A. Strotmann: Proposal presented at 5th OpenMath Workshop, Bath.

# OpenMath Layer: Expression

• Basic "Categories"
• Constructor "Categories"
• Rules of Composition
• Representation Rules and Interpretation Rules
• Relation to Contexts
• Some Reasons
• Some Issues
Note: I'm still trying to find a good name for the components that make up the expression layer. The problem is that all the "good" names I can think of carry specific meaning in some area of mathematics and computer science or other. Possiblities include "fundamental concepts", "class", "fundamental mathematical structures".

For want of a better alternative so far, I reluctantly call them "category" here.

## An SGML example

```     <apply>
<function  context=user> f </function>
<to>
<constant  context=RealTrig> π </constant>
<to>
<constant  context=arith> 234 </constant>
</apply>
```

## Basic "Categories"

• Representation (uninterpreted data)
• Domain (or Type)
• Constant (or domain element)
• Function
• Relation (or predicate)
• Truth Value
• Conjunctions (and, or, not, ...)
• Quantifier
• Variable
• Operator
• Sectioning Command
• Operation (command)
• ... others ... ?

## Constructor "Categories"

• Application
Scope, binding, structure sharing

## Expression and Data Structure

An example ("X+1000"):

```expression =        application
/   |   \
/    |    \
fn   var   dom.el.
+     x     1000

data-structure=       -------   (i.e. non-homogeneous sequence)
/   |   \
/    |      \
/     |         \
symb      symb       -----------
/  |        /\        /  |   \   \
/   |       /  \      /   |    \    \
ctx  entry  ctx entry symb int32 bool vector-of-int32
/ |             [.|.|.|.|...]
/  |
ctx entry

[where "ctx" is short for "context"; a 'bigint' is used for
illustration purposes]
```
i.e. the data structure level provides more detail.

Interpretation Rules govern the mapping from data-structure to expression level.

Representation Rules govern the mapping from expression to data structure.

Example representation rules:

```     apply(f, x1, x2, ... xn)  -->  (f x1 x2 ... xn)
symbol                    -->  triple(name, context, category)
```
where (a b ... c) is a shorthand notation for a non-homogeneous sequence with elements a,b,...,c .

Example interpretation rules are the inverse mappings of above rules.
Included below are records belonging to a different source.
lemma poly_ac_dvd_root: "p dvd q \<Longrightarrow> poly_ac p x = 0 \<Longrightarrow> poly_ac q x = 0"
  by (elim dvdE) simp

lemma poly_ac_has_root: "0 < degree p \<Longrightarrow> \<exists>x. poly_ac p x = 0"
  using alg_closed_imp_poly_has_root[of "map_poly to_ac p"] by (simp add: poly_ac_def degree_map_poly)

definition minimal_root_poly :: "'a::field alg_closure \<Rightarrow> 'a poly \<Rightarrow> bool" where
  "minimal_root_poly x h \<longleftrightarrow> h \<noteq> 0 \<and> poly_ac h x = 0 \<and>
     (\<forall>q. q \<noteq> 0 \<longrightarrow> poly_ac q x = 0 \<longrightarrow> degree h \<le> degree q)"

lemma minimal_root_poly_exists:
  assumes "p \<noteq> 0" "poly_ac p x = 0"
  shows "\<exists>h. minimal_root_poly x h \<and> lead_coeff h = 1"
proof -
  obtain h where h: "h \<noteq> 0" "poly_ac h x = 0"
    and min: "\<forall>q. q \<noteq> 0 \<and> poly_ac q x = 0 \<longrightarrow> degree h \<le> degree q"
    using ex_has_least_nat[of "\<lambda>q. q \<noteq> 0 \<and> poly_ac q x = 0" p degree] assms by blast
  define h' where "h' = smult (inverse (lead_coeff h)) h"
  have "minimal_root_poly x h'" "lead_coeff h' = 1"
    using h min by (auto simp: minimal_root_poly_def h'_def)
  then show ?thesis by blast
qed

lemma minimal_root_poly_dvd:
  assumes "minimal_root_poly x h" "poly_ac p x = 0"
  shows "h dvd p"
proof (rule ccontr)
  assume "\<not> h dvd p"
  then have r: "p mod h \<noteq> 0" by (simp add: mod_eq_0_iff_dvd)
  have "poly_ac (p mod h) x = 0"
    using assms by (simp add: minus_div_mult_eq_mod[symmetric] minimal_root_poly_def)
  then have "degree h \<le> degree (p mod h)" using assms(1) r by (simp add: minimal_root_poly_def)
  moreover have "degree (p mod h) < degree h"
    using r assms(1) degree_mod_less' by (auto simp: minimal_root_poly_def)
  ultimately show False by simp
qed
(* Let $n,k\ge2$, $X=\{(i,j):1\le i\le n,\ 1\le j\le k\}$, let $G\cong S_n\wr S_k=S_n^{k}\rtimes S_k$ be the group of all permutations of $X$ that map each column $\{(i,j):1\le i\le n\}$ ($j$ fixed) onto a column, and let $H$ be the stabilizer of $x_0=(1,1)$. Then $(H,G)$ is a Gelfand pair; the $H$-orbits on $X$ are $o_1=\{(1,1)\}$, $o_2=\{(i,1):2\le i\le n\}$, $o_3=\{(i,j):j\ge2\}$, of sizes $1,\,n-1,\,n(k-1)$; and $\mathbb{C}[X]=T_1\oplus T_2\oplus T_3$ into pairwise non-isomorphic irreducibles, where $T_1$ is the constants, $T_2$ is the space of functions $f(i,j)=u(j)$ with $\sum_j u(j)=0$ (dimension $k-1$), and $T_3$ is the orthogonal complement of $T_1\oplus T_2$ (dimension $(n-1)k$). With $\mathrm{X}_i$ the characteristic function of the $G$-orbit of $X\times X$ containing $\{x_0\}\times o_i$ and $\Psi_j$ the spherical idempotent of $T_j$, the matrix $C_{ij}=(\mathrm{X}_i,\Psi_j)$ is $$M_{n,k}=\begin{pmatrix}1&k-1&k(n-1)\\ n-1&(k-1)(n-1)&-k(n-1)\\ (k-1)n&(1-k)n&0\end{pmatrix},$$ and $M_{n,k}^{T}=M_{k,n}$ (the corresponding matrix for $S_k\wr S_n$ acting on the same set with rows and columns interchanged).
   Context: For a finite group $G$, a subgroup $H$, and $X=G/H$: the space $\mathbb{C}[X\times X]^G$ of diagonally $G$-invariant functions on $X\times X$ carries the convolution $(f\times g)(x,z)=\sum_yf(x,y)g(y,z)$ and the inner product $(a,b)=\sum_{x,y}a(x,y)\overline{b(x,y)}$; $(H,G)$ is a Gelfand pair if this convolution algebra is commutative. For each irreducible summand $T_j$ of $\mathbb{C}[X]$ (with $(gf)(x)=f(g^{-1}x)$), with $G$-invariant Hermitian inner product $\langle\cdot,\cdot\rangle$ (linear in the first variable) and unit $H$-invariant vector $\theta_j$, set $\psi_j(g)=\frac{\dim T_j}{|X|}\langle T_j(g)\theta_j,\theta_j\rangle$ and $\Psi_j(gH,g'H)=\psi_j(g^{-1}g')$, a function on $X\times X$. *)

theory Defs
  imports "HOL-Analysis.Analysis" "HOL-Library.Function_Algebras"
begin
NOTE: Streamlined implementations may not need to generate separate data structures for these levels. The separate layers may either be realized in a single complex data structure with separate fields for the components of each layer, or the data structures and expressions may in fact be "real" only by virtue of a calling graph of the encoding API functions.

## Rules of Composition

Examples:

APPLICATION of FUNCTION to DOMAIN ELEMENT yields DOMAIN ELEMENT

APPLICATION of FUNCTION to DOMAIN yields DOMAIN

APPLICATION of DOMAIN to DOMAIN ELEMENT yields DOMAIN ELEMENT

APPLICATION of PREDICATE to DOMAIN ELEMENTS yields TRUTH VALUE

## Some Reasons

• help user understand the mathematical structure of a document without having to understand all the details
• Useful for SGML markup (see example earlier)
• default handling of 'user' or 'unknown' symbols of a "category" (e.g. printing function symbols different from variable symbols).
• facilitate cooperation between computational logic and computer algebra systems: Roughly, each side leaves the other's components of an object untouched when processing, and each side may possibly disregard certain information not in its realm when it doesn't understand it in full detail. Similarly, a graphics system might just disregard anything but the image data embedded.
• provide a common framework for those who need to define model-theoretic semantics for their Contexts (e.g. ANSI working group in the area of knowledge interchange)
• try to capture a usefully small and intuitive set of "categories" that are pervasive in mathematical papers or software. As a guideline, it should be hard to imagine any field of mathematics that does not require instances of such a "category" in marking up a paper from that field.

## Some Issues

Is it really necessary...
• ... to have more than a minimalistic expression layer (which would just say that sequence (a b ...) represents application of a to b,...)
• ... to have, in particular, ...
• ... logic "categories"? E.g.: one could get away with just boolean functions instead of predicates and conjunctions
• "category" APPLICATION instead of specific "categories" such as, e.g., FUNCTION APPLICATION, QUANTIFICATION, PREDICATION...
• ... structured symbols (we could keep that additional information in the corresponding Context instead)
• CONSTANTS (as opposed to zero-argument functions)
• ... to consider "Is it really necessary" questions?
Other issues include:
• handling scoping and binding of variables and structure sharing
• are Domain and Type the same (or close enough)?
• doing it right...
Some guidelines that might help decide:
• try for an "intuitive" user interface for marking up mathematical documents
• provide support for important clients of OpenMath (databases/searching, typesetting, formula display, computational logic, numerics, graphics ...)
• not too much, not too little...

This page is part of the OpenMath Web archive, and is no longer kept up to date.